# NotFittedError (instance is not fitted yet) after invoked cross_validate

## Question:

This is my minimal reproducible example:

```
x = np.array([
[1, 2],
[3, 4],
[5, 6],
[6, 7]
])
y = [1, 0, 0, 1]
model = GaussianNB()
scores = cross_validate(model, x, y, cv=2, scoring=("accuracy"))
model.predict([8,9])
```

What I intended to do is instantiating a Gaussian Naive Bayes Classifier and use sklearn.model_selection.cross_validate for cross validate my model (I am using `cross_validate`

instead of `cross_val_score`

since in my real project I need precision, recall and f1 as well).

I have read in the doc that `cross_validate`

does "evaluate metric(s) by cross-validation and also record fit/score times."

I expected that my `model`

would have been fitted on `x`

(features), `y`

(labels) data but when I invoke `model.predict(.)`

I get:

sklearn.exceptions.NotFittedError: This GaussianNB instance is not fitted yet. Call ‘fit’ with appropriate arguments before using this estimator.

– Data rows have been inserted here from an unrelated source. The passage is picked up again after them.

lemma dir_weight_cong:
  assumes "\<And>i. i < d - 1 \<Longrightarrow> z i = z' i"
  shows "dir_weight d \<alpha> z = dir_weight d \<alpha> z'"
proof -
  have "(\<Sum>i<d - 1. z i) = (\<Sum>i<d - 1. z' i)" using assms by (intro sum.cong) auto
  then have "z \<in> simplex_region d \<longleftrightarrow> z' \<in> simplex_region d"
    unfolding simplex_region_def using assms by auto
  then show ?thesis unfolding dir_weight_def using simplex_pt_cong[of d z z'] assms
    by (simp add: indicator_def)
qed

lemma dir_weight_nonneg: "dir_weight d \<alpha> z \<ge> 0"
  unfolding dir_weight_def by (intro mult_nonneg_nonneg prod_nonneg) auto

lemma dir_weight_outside: "z \<notin> simplex_region d \<Longrightarrow> dir_weight d \<alpha> z = 0"
  unfolding dir_weight_def by simp

lemma power_mult_powr: "0 \<le> (x::real) \<Longrightarrow> x ^ k * x powr (a - 1) = x powr (a + real k - 1)"
proof (cases "x = 0")
  case False
  assume "0 \<le> x"
  then have "x > 0" using False by auto
  then show ?thesis by (simp add: powr_realpow[symmetric] powr_add[symmetric] algebra_simps)
qed simp

lemma monomial_mult_dir_weight:
  assumes "d \<ge> 1"
  shows "monomial d k (simplex_pt d z) * dir_weight d \<alpha> z
     = dirichlet_density (d-1) (\<lambda>i. \<alpha> i + real (k i)) (\<alpha> (d-1) + real (k (d-1))) 1 z"
proof -
  obtain N where d: "d = Suc N" using assms(1) by (cases d) auto
  show ?thesis
  proof (cases "z \<in> simplex_region d")
    case False
    then show ?thesis unfolding dir_weight_def dirichlet_density_def simplex_region_def d by auto
  next
    case True
    then have nn: "\<forall>i<N. 0 \<le> z i" and s1: "(\<Sum>i<N. z i) \<le> 1" unfolding simplex_region_def d by auto
    have spnn: "simplex_pt d z i \<ge> 0" if "i < d" for i
      using simplex_pt_in_std_simplex[OF assms True] that unfolding std_simplex_def by auto
    have "monomial d k (simplex_pt d z) * dir_weight d \<alpha> z
        = (\<Prod>i<d. simplex_pt d z i ^ k i * simplex_pt d z i powr (\<alpha> i - 1))"
      using True unfolding monomial_def dir_weight_def by (simp add: prod.distrib)
    also have "\<dots> = (\<Prod>i<d. simplex_pt d z i powr (\<alpha> i + real (k i) - 1))"
      using spnn by (intro prod.cong refl power_mult_powr) auto
    also have "\<dots> = (\<Prod>i<N. z i powr (\<alpha> i + real (k i) - 1))
        * (1 - (\<Sum>i<N. z i)) powr (\<alpha> N + real (k N) - 1)"
      unfolding d by (simp add: simplex_pt_def)
    also have "\<dots> = dirichlet_density (d-1) (\<lambda>i. \<alpha> i + real (k i)) (\<alpha> (d-1) + real (k (d-1))) 1 z"
      using nn s1 unfolding dirichlet_density_def d by simp
    finally show ?thesis .
  qed
qed

lemma simplex_pt_measurable[measurable]: "(\<lambda>z. simplex_pt d z i) \<in> borel_measurable (leb_coords d)"
proof -
  have c: "k < d - 1 \<Longrightarrow> (\<lambda>z. z k) \<in> borel_measurable (leb_coords d)" for k
    unfolding leb_coords_def using measurable_component_singleton[of k "{..<d-1}" "\<lambda>_. lborel"]
      by auto
  have s: "(\<lambda>z. \<Sum>k<d-1. z k) \<in> borel_measurable (leb_coords d)"
    using c by (intro borel_measurable_sum) auto
  show ?thesis
  proof (cases "i < d - 1")
    case True then show ?thesis unfolding simplex_pt_def using c by simp
  next
    case False then show ?thesis unfolding simplex_pt_def using s by (cases "i = d - 1") auto
  qed
qed

lemma monomial_simplex_pt_measurable[measurable]:
  "(\<lambda>z. monomial d k (simplex_pt d z)) \<in> borel_measurable (leb_coords d)"
  unfolding monomial_def
    by (intro borel_measurable_prod borel_measurable_power simplex_pt_measurable)

lemma dir_weight_measurable[measurable]:
  assumes "d \<ge> 1" shows "dir_weight d \<alpha> \<in> borel_measurable (leb_coords d)"
proof -
  have "dir_weight d \<alpha> = (\<lambda>z. dirichlet_density (d-1) (\<lambda>i. \<alpha> i + real 0) (\<alpha> (d-1) + real 0) 1 z)"
    using monomial_mult_dir_weight[OF assms, of "\<lambda>_. 0"] by (auto simp: fun_eq_iff)
  then show ?thesis unfolding leb_coords_def by (simp add: dirichlet_density_measurable)
qed

lemma continuous_on_simplex_pt: "continuous_on UNIV (\<lambda>z::nat\<Rightarrow>real. simplex_pt d z i)"
proof (cases "i < d - 1")
  case True then show ?thesis unfolding simplex_pt_def by simp
next
  case False
  have "continuous_on UNIV (\<lambda>z::nat\<Rightarrow>real. 1 - (\<Sum>k<d-1. z k))"
    by (intro continuous_intros) simp
  then show ?thesis using False unfolding simplex_pt_def by (cases "i = d - 1") auto
qed

definition bounded_measurable :: "nat \<Rightarrow> ((nat \<Rightarrow> real) \<Rightarrow> real) \<Rightarrow> bool" where
  "bounded_measurable d f \<longleftrightarrow>
     (\<lambda>z. f (simplex_pt d z)) \<in> borel_measurable (leb_coords d) \<and> (\<exists>B. \<forall>x\<in>std_simplex d. \<bar>f x\<bar> \<le> B)"

lemma bounded_measurable_add:
  "bounded_measurable d f \<Longrightarrow> bounded_measurable d g \<Longrightarrow> bounded_measurable d (\<lambda>x. f x + g x)"
proof -
  assume f: "bounded_measurable d f" and g: "bounded_measurable d g"
  obtain A where A: "\<forall>x\<in>std_simplex d. \<bar>f x\<bar> \<le> A" using f unfolding bounded_measurable_def by auto
  obtain B where B: "\<forall>x\<in>std_simplex d. \<bar>g x\<bar> \<le> B" using g unfolding bounded_measurable_def by auto
  have "\<forall>x\<in>std_simplex d. \<bar>f x + g x\<bar> \<le> A + B"
    using A B by (meson abs_triangle_ineq add_mono order_trans)
  then show ?thesis using f g unfolding bounded_measurable_def by auto
qed

lemma bounded_measurable_mult:
  "bounded_measurable d f \<Longrightarrow> bounded_measurable d g \<Longrightarrow> bounded_measurable d (\<lambda>x. f x * g x)"
proof -
  assume f: "bounded_measurable d f" and g: "bounded_measurable d g"
  obtain A where A: "\<forall>x\<in>std_simplex d. \<bar>f x\<bar> \<le> A" using f unfolding bounded_measurable_def by auto
  obtain B where B: "\<forall>x\<in>std_simplex d. \<bar>g x\<bar> \<le> B" using g unfolding bounded_measurable_def by auto
  have "\<forall>x\<in>std_simplex d. \<bar>f x * g x\<bar> \<le> A * B" using A B by (auto simp: abs_mult intro!: mult_mono)
  then show ?thesis using f g unfolding bounded_measurable_def by auto
qed

lemma bounded_measurable_const: "bounded_measurable d (\<lambda>x. c)"
  unfolding bounded_measurable_def by auto

lemma bounded_measurable_cmult: "bounded_measurable d f \<Longrightarrow> bounded_measurable d (\<lambda>x. c * f x)"
  using bounded_measurable_mult[OF bounded_measurable_const] by blast

lemma bounded_measurable_sum:
  "finite I \<Longrightarrow> (\<And>i. i \<in> I \<Longrightarrow> bounded_measurable d (f i)) \<Longrightarrow> bounded_measurable d (\<lambda>x. \<Sum>i\<in>I. f i x)"
  by (induction I rule: finite_induct) (auto intro: bounded_measurable_add bounded_measurable_const)

lemma bounded_measurable_monomial: "bounded_measurable d (monomial d k)"
proof -
  have "\<forall>x\<in>std_simplex d. \<bar>monomial d k x\<bar> \<le> 1"
    unfolding std_simplex_def monomial_def
      by (auto simp: abs_prod power_abs intro!: prod_le_1 power_le_one)
  then show ?thesis unfolding bounded_measurable_def by auto
qed

lemma dir_expect_cong:
  assumes "d \<ge> 1" "\<forall>x\<in>std_simplex d. f x = g x"
  shows "dir_expect d \<alpha> f = dir_expect d \<alpha> g"
proof -
  have "f (simplex_pt d z) * dir_weight d \<alpha> z = g (simplex_pt d z) * dir_weight d \<alpha> z" for z
    by (cases "z \<in> simplex_region d")
      (use assms simplex_pt_in_std_simplex[OF assms(1)] in \<open>auto simp: dir_weight_outside\<close>)
  then have "(\<lambda>z. f (simplex_pt d z) * dir_weight d \<alpha> z)
      = (\<lambda>z. g (simplex_pt d z) * dir_weight d \<alpha> z)"
    by (rule ext)
  then show ?thesis unfolding dir_expect_def by simp
qed

lemma finite_exps: "finite (exps d n)"
proof -
  have "exps d n \<subseteq> (\<lambda>f i. if i < d then f i else 0) ` (PiE {..<d} (\<lambda>_. {..n}))"
  proof
    fix k assume k: "k \<in> exps d n"
    have le: "k i \<le> n" if "i < d" for i
    proof -
      have "k i \<le> (\<Sum>i<d. k i)" using that by (intro member_le_sum) auto
      then show ?thesis using k unfolding exps_def by auto
    qed
    have "k = (\<lambda>i. if i < d then (restrict k {..<d}) i else 0)"
      using k unfolding exps_def by (auto simp: fun_eq_iff)
    moreover have "restrict k {..<d} \<in> PiE {..<d} (\<lambda>_. {..n})" using le by auto
    ultimately show "k \<in> (\<lambda>f i. if i < d then f i else 0) ` (PiE {..<d} (\<lambda>_. {..n}))" by blast
  qed
  then show ?thesis by (rule finite_subset) (auto intro: finite_PiE)
qed

lemma poly_deg_le_iff: "poly_deg_le d n p \<longleftrightarrow> (\<exists>c. p = (\<lambda>x. \<Sum>k\<in>exps d n. c k * monomial d k x))"
  unfolding poly_deg_le_def monomial_def by (auto simp: fun_eq_iff)

lemma poly_deg_le_add: "poly_deg_le d n p \<Longrightarrow> poly_deg_le d n q \<Longrightarrow> poly_deg_le d n (\<lambda>x. p x + q x)"
  unfolding poly_deg_le_iff
proof (elim exE)
  fix c e assume "p = (\<lambda>x. \<Sum>k\<in>exps d n. c k * monomial d k x)"
    "q = (\<lambda>x. \<Sum>k\<in>exps d n. e k * monomial d k x)"
  then show "\<exists>c. (\<lambda>x. p x + q x) = (\<lambda>x. \<Sum>k\<in>exps d n. c k * monomial d k x)"
    by (intro exI[of _ "\<lambda>k. c k + e k"]) (simp add: sum.distrib distrib_right)
qed

lemma poly_deg_le_cmult: "poly_deg_le d n p \<Longrightarrow> poly_deg_le d n (\<lambda>x. a * p x)"
  unfolding poly_deg_le_iff
proof (elim exE)
  fix c assume "p = (\<lambda>x. \<Sum>k\<in>exps d n. c k * monomial d k x)"
  then show "\<exists>c. (\<lambda>x. a * p x) = (\<lambda>x. \<Sum>k\<in>exps d n. c k * monomial d k x)"
    by (intro exI[of _ "\<lambda>k. a * c k"]) (simp add: sum_distrib_left mult.assoc)
qed

lemma poly_deg_le_zero: "poly_deg_le d n (\<lambda>x. 0)"
  unfolding poly_deg_le_iff by (intro exI[of _ "\<lambda>k. 0"]) simp

lemma poly_deg_le_sum:
  "finite I \<Longrightarrow> (\<And>i. i \<in> I \<Longrightarrow> poly_deg_le d n (f i)) \<Longrightarrow> poly_deg_le d n (\<lambda>x. \<Sum>i\<in>I. f i x)"
  by (induction I rule: finite_induct) (auto intro: poly_deg_le_add poly_deg_le_zero)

Of course it says me about invoking `model.fit(x,y)`

before "using the estimator" (that is before invoking `model.predict(.)`

.

Shouldn’t the model have been fitted `cv=2`

times when I invoke `cross_validate(...)`

?

## Answers:

A close look at `cross_validate`

documentation reveals that it includes an argument:

return_estimator :bool, default=FalseWhether to return the estimators fitted on each split.

So, by default it will not return any fitted estimator (hence it cannot be used to `predict`

).

In order to predict with the fitted estimator(s), you need to set the argument to `True`

; but beware, you will **not** get a *single* fitted model, but a number of models equal to your `cv`

parameter value (here 2):

```
import numpy as np
from sklearn.naive_bayes import GaussianNB
from sklearn.model_selection import cross_validate
x = np.array([
[1, 2],
[3, 4],
[5, 6],
[6, 7]
])
y = [1, 0, 0, 1]
model = GaussianNB()
scores = cross_validate(model, x, y, cv=2, scoring=("accuracy"), return_estimator=True)
scores
# result:
{'fit_time': array([0.00124454, 0.00095725]),
'score_time': array([0.00090432, 0.00054836]),
'estimator': [GaussianNB(), GaussianNB()],
'test_score': array([0.5, 0.5])}
```

So, in order to get predictions from each fitted model, you need:

```
scores['estimator'][0].predict([[8,9]])
# array([1])
scores['estimator'][1].predict([[8,9]])
# array([0])
```

This may look inconvenient, but it is like that by design: `cross_validate`

is generally meant only to return the scores necessary for diagnosis and assessment, not to be used for fitting models which are to be used for predictions.